The "PLant science in the ANThropocene" (PLANT) workshop will run from March 24 to April 4, 2025 at the Institut Pascal of the University Paris-Saclay (campus about 25 km south of Paris).
This 2-week workshop will address key challenges for the international Plant Science community, from basic sciences to socio-economic and environmental aspects including climate change. It will gather about 60 international scientists. The attendance will mix high stature senior scientists, together with numerous younger ones.
The program will focus on three themes:
- Theme I: "Frontiers in Plant Science fundamental research" (March 24-25-26)
- Theme II: “Feeding the planet: roles for Plant Science and associated socio-economic challenges" (March 27-28-31 and April 1)
- Theme III: "Plants as factories: from chemical compounds to mitigating climate change” (April 2-3-4)
Mornings will consist mainly of presentations by about 20 senior scientists, who will provide their vision of how to rise to those challenges, while the afternoon sessions will be devoted principally to brainstorming across generations on selected topics.
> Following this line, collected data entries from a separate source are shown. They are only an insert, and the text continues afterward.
lemma nn_integral_exp_card_open_reach_le:
  fixes q :: "nat set \<Rightarrow> real" and \<beta> F s :: real and m :: nat
  assumes "finite E" "finite V" "A \<subseteq> V"
    and "\<And>u v. u \<in> V \<Longrightarrow> v \<in> V \<Longrightarrow> u \<noteq> v \<Longrightarrow> {u, v} \<in> E \<and> q {u, v} \<le> \<beta>"
    and "\<And>e. e \<in> E \<Longrightarrow> 0 \<le> q e \<and> q e \<le> 1"
    and "card V \<le> m" and "0 \<le> \<beta>" "1 \<le> F"
    and exposure_bound: "exp s * (1 + \<beta> * (F - 1)) ^ m \<le> F"
  shows "(\<integral>\<^sup>+G. ennreal (exp (s * card (open_reach V G A))) \<partial>Pi_pmf E False (\<lambda>e. bernoulli_pmf (q e)))
         \<le> ennreal (F ^ card A)"
  using assms(1-6)
proof (induction "card V" arbitrary: V A E rule: less_induct)
  case less
  let ?P = "\<lambda>E. Pi_pmf E False (\<lambda>e. bernoulli_pmf (q e))"
  show ?case
  proof (cases "A = {}")
    case True
    then show ?thesis by (simp add: open_reach_def measure_pmf.emeasure_space_1)
  next
    case False
    then obtain a where "a \<in> A" by blast
    with less.prems have "a \<in> V" by auto
    define S where "S = (\<lambda>w. {a, w}) ` (V - A)"
    define A' where "A' = (\<lambda>g1. (A - {a}) \<union> {w \<in> V - A. g1 {a, w}})"
    have "S \<subseteq> E" using less.prems(4) \<open>a \<in> V\<close> \<open>a \<in> A\<close> by (auto simp: S_def)
    have not_in_S: "{u, v} \<notin> S" if "u \<in> V - {a}" "v \<in> V - {a}" for u v
      using that by (auto simp: S_def doubleton_eq_iff)
    have card_S: "card S \<le> m"
      using card_image_le[of "V - A" "\<lambda>w. {a, w}"] card_mono[of V "V - A"] less.prems(2,6)
      by (simp add: S_def)
    note card_reach = card_open_reach_expose_vertex(1)[OF \<open>a \<in> A\<close> less.prems(3,2), folded S_def]
    note card_A' = card_open_reach_expose_vertex(2)[OF \<open>a \<in> A\<close> less.prems(3,2), folded S_def]
    have IH: "(\<integral>\<^sup>+g2. ennreal (exp (s * card (open_reach (V - {a}) g2 (A' g1)))) \<partial>?P (E - S))
        \<le> ennreal (F ^ card (A' g1))" for g1
      using less.prems \<open>a \<in> V\<close> \<open>a \<in> A\<close> not_in_S card_Diff1_less[OF less.prems(2) \<open>a \<in> V\<close>]
      by (intro less.hyps) (auto simp: A'_def)
    have exposed: "(\<integral>\<^sup>+g2. ennreal (exp (s * card (open_reach V (\<lambda>e. if e \<in> S then g1 e else g2 e) A))) \<partial>?P (E - S))
        \<le> ennreal (exp s * F ^ (card A - 1) * F ^ card {e \<in> S. g1 e})" for g1
    proof -
      have "(\<integral>\<^sup>+g2. ennreal (exp (s * card (open_reach V (\<lambda>e. if e \<in> S then g1 e else g2 e) A))) \<partial>?P (E - S))
          = ennreal (exp s) * (\<integral>\<^sup>+g2. ennreal (exp (s * card (open_reach (V - {a}) g2 (A' g1)))) \<partial>?P (E - S))"
        by (simp add: card_reach A'_def distrib_left exp_add ennreal_mult nn_integral_cmult)
      also have "\<dots> \<le> ennreal (exp s) * ennreal (F ^ card (A' g1))"
        by (intro mult_left_mono IH) simp
      also have "\<dots> = ennreal (exp s * F ^ (card A - 1) * F ^ card {e \<in> S. g1 e})"
        using \<open>1 \<le> F\<close> unfolding A'_def card_A' by (simp add: power_add mult.assoc flip: ennreal_mult)
      finally show ?thesis .
    qed
    have "(1 + \<beta> * (F - 1)) ^ card S \<le> (1 + \<beta> * (F - 1)) ^ m"
      using card_S \<open>0 \<le> \<beta>\<close> \<open>1 \<le> F\<close> by (intro power_increasing) auto
    then have "exp s * (1 + \<beta> * (F - 1)) ^ card S \<le> F"
      using exposure_bound by (meson exp_ge_zero mult_left_mono order_trans)
    then have "exp s * F ^ (card A - 1) * (1 + \<beta> * (F - 1)) ^ card S \<le> F ^ (card A - 1) * F"
      using \<open>1 \<le> F\<close> by (simp add: mult.left_commute mult_left_mono)
    also have "F ^ (card A - 1) * F = F ^ card A"
      using \<open>A \<noteq> {}\<close> less.prems(2,3) finite_subset
      by (metis card_gt_0_iff power_minus_mult)
    finally have real_bound: "exp s * F ^ (card A - 1) * (1 + \<beta> * (F - 1)) ^ card S \<le> F ^ card A" .
    have "(\<integral>\<^sup>+G. ennreal (exp (s * card (open_reach V G A))) \<partial>?P E)
        \<le> ennreal (exp s * F ^ (card A - 1) * (1 + \<beta> * (F - 1)) ^ card S)"
    proof (rule nn_integral_Pi_pmf_expose_le[OF less.prems(1) \<open>S \<subseteq> E\<close> \<open>0 \<le> \<beta>\<close> \<open>1 \<le> F\<close> _ _ exposed])
      fix e assume "e \<in> S"
      then show "0 \<le> q e \<and> q e \<le> 1 \<and> q e \<le> \<beta>"
        using less.prems(4,5) \<open>S \<subseteq> E\<close> \<open>a \<in> V\<close> \<open>a \<in> A\<close> by (auto simp: S_def)
    qed (use \<open>1 \<le> F\<close> in simp)
    also have "\<dots> \<le> ennreal (F ^ card A)"
      using real_bound by (rule ennreal_leI)
    finally show ?thesis .
  qed
qed

lemma finite_edges_K: "finite (edges_K n)"
  by (rule finite_subset[of _ "Pow {1..n}"]) (auto simp: edges_K_def)

lemma nn_integral_exp_card_open_comp_le:
  fixes p :: "nat set \<Rightarrow> real" and c :: real
  assumes "j \<in> {1..n}" "0 < c" "c < 1"
    and p: "\<And>e. e \<in> edges_K n \<Longrightarrow> 0 \<le> p e \<and> p e \<le> 1 \<and> p e \<le> c / real n"
  shows "(\<integral>\<^sup>+G. ennreal (exp ((c - 1 - ln c) * card (open_comp n G j))) \<partial>random_graph n p)
         \<le> ennreal (1 / c)"
proof -
  have "0 < real n" using assms(1) by simp
  have "1 + c / real n * (1 / c - 1) = 1 + (1 - c) / real n"
    using \<open>0 < c\<close> \<open>0 < real n\<close> by (simp add: field_simps)
  then have "(1 + c / real n * (1 / c - 1)) ^ n = (1 + (1 - c) / real n) ^ n"
    by (simp only:)
  also have "\<dots> \<le> exp ((1 - c) / real n) ^ n"
    using \<open>c < 1\<close> \<open>0 < real n\<close> by (intro power_mono exp_ge_add_one_self) simp
  also have "\<dots> = exp (1 - c)"
    using \<open>0 < real n\<close> by (simp flip: exp_of_nat_mult)
  finally have "exp (c - 1 - ln c) * (1 + c / real n * (1 / c - 1)) ^ n \<le> exp (c - 1 - ln c) * exp (1 - c)"
    by (intro mult_left_mono) auto
  also have "\<dots> = 1 / c"
    using \<open>0 < c\<close> by (simp add: exp_minus field_simps flip: exp_add)
  finally have exposure_bound: "exp (c - 1 - ln c) * (1 + c / real n * (1 / c - 1)) ^ n \<le> 1 / c" .
  have "(\<integral>\<^sup>+G. ennreal (exp ((c - 1 - ln c) * card (open_reach {1..n} G {j})))
           \<partial>Pi_pmf (edges_K n) False (\<lambda>e. bernoulli_pmf (p e))) \<le> ennreal ((1 / c) ^ card {j})"
  proof (rule nn_integral_exp_card_open_reach_le[OF finite_edges_K _ _ _ _ _ _ _ exposure_bound])
    fix u v assume "u \<in> {1..n}" "v \<in> {1..n}" "u \<noteq> v"
    then have "{u, v} \<in> edges_K n" by (auto simp: edges_K_def)
    then show "{u, v} \<in> edges_K n \<and> p {u, v} \<le> c / real n" using p by blast
  qed (use assms p in auto)
  then show ?thesis by (simp add: random_graph_def open_comp_eq_open_reach)
qed

lemma prob_card_open_comp_gt_le:
  fixes p :: "nat set \<Rightarrow> real" and c t :: real
  assumes "j \<in> {1..n}" "0 < c" "c < 1"
    and "\<And>e. e \<in> edges_K n \<Longrightarrow> 0 \<le> p e \<and> p e \<le> 1 \<and> p e \<le> c / real n"
  shows "measure_pmf.prob (random_graph n p) {G. t < real (card (open_comp n G j))}
         \<le> exp (- (c - 1 - ln c) * t) / c"
proof -
  define s where "s = c - 1 - ln c"
  have "ln c \<noteq> c - 1"
    using ln_eq_minus_one[of c] assms(2,3) by auto
  then have "s > 0"
    using ln_le_minus_one[of c] assms(2) by (simp add: s_def)
  have "emeasure (random_graph n p) {G. t < real (card (open_comp n G j))}
      \<le> emeasure (random_graph n p) {G \<in> UNIV. real (card (open_comp n G j)) \<ge> t}"
    by (intro emeasure_mono) auto
  also have "\<dots> \<le> ennreal (exp (- s * t))
      * (\<integral>\<^sup>+G. ennreal (exp (s * card (open_comp n G j))) * indicator UNIV G \<partial>random_graph n p)"
    using \<open>s > 0\<close> by (intro Chernoff_ineq_nn_integral_ge) auto
  also have "\<dots> \<le> ennreal (exp (- s * t)) * ennreal (1 / c)"
    using nn_integral_exp_card_open_comp_le[OF assms] by (intro mult_left_mono) (auto simp: s_def)
  also have "\<dots> = ennreal (exp (- s * t) / c)"
    using \<open>0 < c\<close> by (simp flip: ennreal_mult)
  finally show ?thesis
    using \<open>0 < c\<close> by (simp add: measure_pmf.emeasure_eq_measure s_def)
qed

lemma prob_all_open_comp_card_le:
  fixes p :: "nat set \<Rightarrow> real" and c t :: real
  assumes "0 < c" "c < 1"
    and "\<And>e. e \<in> edges_K n \<Longrightarrow> 0 \<le> p e \<and> p e \<le> 1 \<and> p e \<le> c / real n"
  shows "measure_pmf.prob (random_graph n p) {G. \<forall>j \<in> {1..n}. real (card (open_comp n G j)) \<le> t}
         \<ge> 1 - real n * exp (- (c - 1 - ln c) * t) / c"
proof -
  let ?P = "measure_pmf.prob (random_graph n p)"
  define bad where "bad = (\<Union>j\<in>{1..n}. {G. t < real (card (open_comp n G j))})"
  have "?P bad \<le> (\<Sum>j\<in>{1..n}. ?P {G. t < real (card (open_comp n G j))})"
    unfolding bad_def by (rule measure_pmf.finite_measure_subadditive_finite) auto
  also have "\<dots> \<le> (\<Sum>j\<in>{1..n}. exp (- (c - 1 - ln c) * t) / c)"
    using assms by (intro sum_mono prob_card_open_comp_gt_le) auto
  finally have "?P bad \<le> real n * exp (- (c - 1 - ln c) * t) / c" by simp
  moreover have "{G. \<forall>j \<in> {1..n}. real (card (open_comp n G j)) \<le> t} = UNIV - bad"
    by (auto simp: bad_def not_less)
  ultimately show ?thesis
    using measure_pmf.prob_compl[of bad "random_graph n p"] by simp
qed

lemma eventually_union_bound_le_powr:
  fixes c :: "nat \<Rightarrow> real" and C M \<theta> :: real
  assumes c_lim: "c \<longlonglongrightarrow> C" and "0 < C" and \<theta>: "\<theta> < M * (C - 1 - ln C) - 1"
  shows "eventually (\<lambda>n. real n * exp (- (c n - 1 - ln (c n)) * (M * ln (real n))) / c n
           \<le> 1 / real n powr \<theta>) sequentially"
proof -
  define \<epsilon> where "\<epsilon> = (M * (C - 1 - ln C) - 1 - \<theta>) / 2"
  have "\<epsilon> > 0" using \<theta> by (simp add: \<epsilon>_def)
  have "(\<lambda>n. (c n - 1 - ln (c n)) * M) \<longlonglongrightarrow> (C - 1 - ln C) * M"
    using \<open>0 < C\<close> by (intro tendsto_intros c_lim) auto
  then have ev_rate: "eventually (\<lambda>n. 1 + \<theta> + \<epsilon> < (c n - 1 - ln (c n)) * M) sequentially"
    by (rule order_tendstoD) (use \<theta> in \<open>simp add: \<epsilon>_def field_simps\<close>)
  have ev_c: "eventually (\<lambda>n. C / 2 < c n) sequentially"
    using \<open>0 < C\<close> by (intro order_tendstoD(1)[OF c_lim]) simp
  have "(\<lambda>n. 2 / C * real n powr (- \<epsilon>)) \<longlonglongrightarrow> 2 / C * 0"
    using \<open>\<epsilon> > 0\<close>
    by (intro tendsto_mult tendsto_const tendsto_neg_powr filterlim_real_sequentially) simp
  then have ev_n: "eventually (\<lambda>n. 2 / C * real n powr (- \<epsilon>) < 1) sequentially"
    by (rule order_tendstoD) simp
  show ?thesis
    using ev_rate ev_c ev_n eventually_gt_at_top[of 0]
  proof eventually_elim
    case (elim n)
    then have "0 < real n" "C / 2 < c n" by auto
    have "exp (- (c n - 1 - ln (c n)) * (M * ln (real n))) = real n powr (- ((c n - 1 - ln (c n)) * M))"
      using \<open>0 < real n\<close> by (simp add: powr_def algebra_simps)
    also have "\<dots> \<le> real n powr (- (1 + \<theta> + \<epsilon>))"
      using elim(1) \<open>0 < real n\<close> by (intro powr_mono) auto
    finally have "real n * exp (- (c n - 1 - ln (c n)) * (M * ln (real n))) / c n
        \<le> real n * real n powr (- (1 + \<theta> + \<epsilon>)) / c n"
      using \<open>0 < C\<close> \<open>C / 2 < c n\<close> by (intro divide_right_mono mult_left_mono) auto
    also have "\<dots> \<le> real n * real n powr (- (1 + \<theta> + \<epsilon>)) / (C / 2)"
      using \<open>0 < C\<close> \<open>C / 2 < c n\<close> by (intro divide_left_mono) auto
    also have "\<dots> = 2 / C * real n powr (- \<epsilon>) * real n powr (- \<theta>)"
      using \<open>0 < real n\<close> by (simp add: powr_mult_base add.commute flip: powr_add)
    also have "\<dots> \<le> 1 * real n powr (- \<theta>)"
      using elim(3) by (intro mult_right_mono) auto
    finally show ?case by (simp add: powr_minus_divide)
  qed
qed

theorem theorem1:
  fixes C M \<theta> :: real and \<alpha> :: "nat \<Rightarrow> real" and p :: "nat \<Rightarrow> nat set \<Rightarrow> real"
  assumes C_pos: "0 < C" and C_lt1: "C < 1"
    and alpha_nonneg: "\<And>n. 0 \<le> \<alpha> n"
    and alpha_lim: "\<alpha> \<longlonglongrightarrow> 0"
    and p_prob: "\<And>n e. e \<in> edges_K n \<Longrightarrow> 0 \<le> p n e \<and> p n e \<le> 1"
    and p_lower: "\<And>n e. e \<in> edges_K n \<Longrightarrow> (C - \<alpha> n) / real n \<le> p n e"
    and p_upper: "\<And>n e. e \<in> edges_K n \<Longrightarrow> p n e \<le> (C + \<alpha> n) / real n"
    and M_gt: "M > 1 / (C - 1 - ln C)"
    and theta_lt: "\<theta> < min (M * (C - 1 - ln C) - 1) 1"
  shows "\<exists>L1 > 0. \<forall>n. real n \<ge> L1 \<longrightarrow>
           measure_pmf.prob (random_graph n (p n))
             {G. \<forall>j \<in> {1..n}. real (card (open_comp n G j)) \<le> M * ln (real n)}
           \<ge> 1 - 1 / (real n powr \<theta>)"
proof -
  define c where "c = (\<lambda>n. C + \<alpha> n)"
  have c_lim: "c \<longlonglongrightarrow> C"
    using tendsto_add[OF tendsto_const alpha_lim, of C] by (simp add: c_def)
  have "eventually (\<lambda>n. c n < 1) sequentially"
    by (rule order_tendstoD(2)[OF c_lim C_lt1])
  moreover have "eventually (\<lambda>n. real n * exp (- (c n - 1 - ln (c n)) * (M * ln (real n))) / c n
      \<le> 1 / real n powr \<theta>) sequentially"
    using theta_lt by (intro eventually_union_bound_le_powr[OF c_lim C_pos]) simp
  ultimately have "eventually (\<lambda>n. c n < 1 \<and>
      real n * exp (- (c n - 1 - ln (c n)) * (M * ln (real n))) / c n \<le> 1 / real n powr \<theta>) sequentially"
    by (rule eventually_conj)
  then obtain N where N: "\<And>n. n \<ge> N \<Longrightarrow> c n < 1 \<and>
      real n * exp (- (c n - 1 - ln (c n)) * (M * ln (real n))) / c n \<le> 1 / real n powr \<theta>"
    unfolding eventually_sequentially by blast
  show ?thesis
  proof (intro exI[of _ "real N + 1"] conjI allI impI)
    fix n assume "real N + 1 \<le> real n"
    then have "c n < 1" and bound: "real n * exp (- (c n - 1 - ln (c n)) * (M * ln (real n))) / c n
        \<le> 1 / real n powr \<theta>" using N[of n] by auto
    have "1 - real n * exp (- (c n - 1 - ln (c n)) * (M * ln (real n))) / c n
        \<le> measure_pmf.prob (random_graph n (p n))
             {G. \<forall>j \<in> {1..n}. real (card (open_comp n G j)) \<le> M * ln (real n)}"
    proof (rule prob_all_open_comp_card_le[OF _ \<open>c n < 1\<close>])
      show "0 < c n" using C_pos alpha_nonneg[of n] by (simp add: c_def)
      show "\<And>e. e \<in> edges_K n \<Longrightarrow> 0 \<le> p n e \<and> p n e \<le> 1 \<and> p n e \<le> c n / real n"
        using p_prob p_upper by (simp add: c_def)
    qed
    with bound show "1 - 1 / real n powr \<theta> \<le> measure_pmf.prob (random_graph n (p n))
        {G. \<forall>j \<in> {1..n}. real (card (open_comp n G j)) \<le> M * ln (real n)}"
      by linarith
  qed simp
qed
This workshop will thus require input from all participants, the goals being the emergence of consensus community opinions and the specification of paths to success for several major challenges, be they at the level of training the next generation, guiding deciders of public policies, or connecting with the wider public on the importance of plant sciences in the Anthropocene. All these challenges are of high complexity and depend on several disciplines. Thus, beyond plant biologists and geneticists, some participants will come from agronomy, ecology, social and environmental sciences, economics, and also from chemical, physical and computational sciences.
Syntheses in the form of opinion papers will be drafted for publication.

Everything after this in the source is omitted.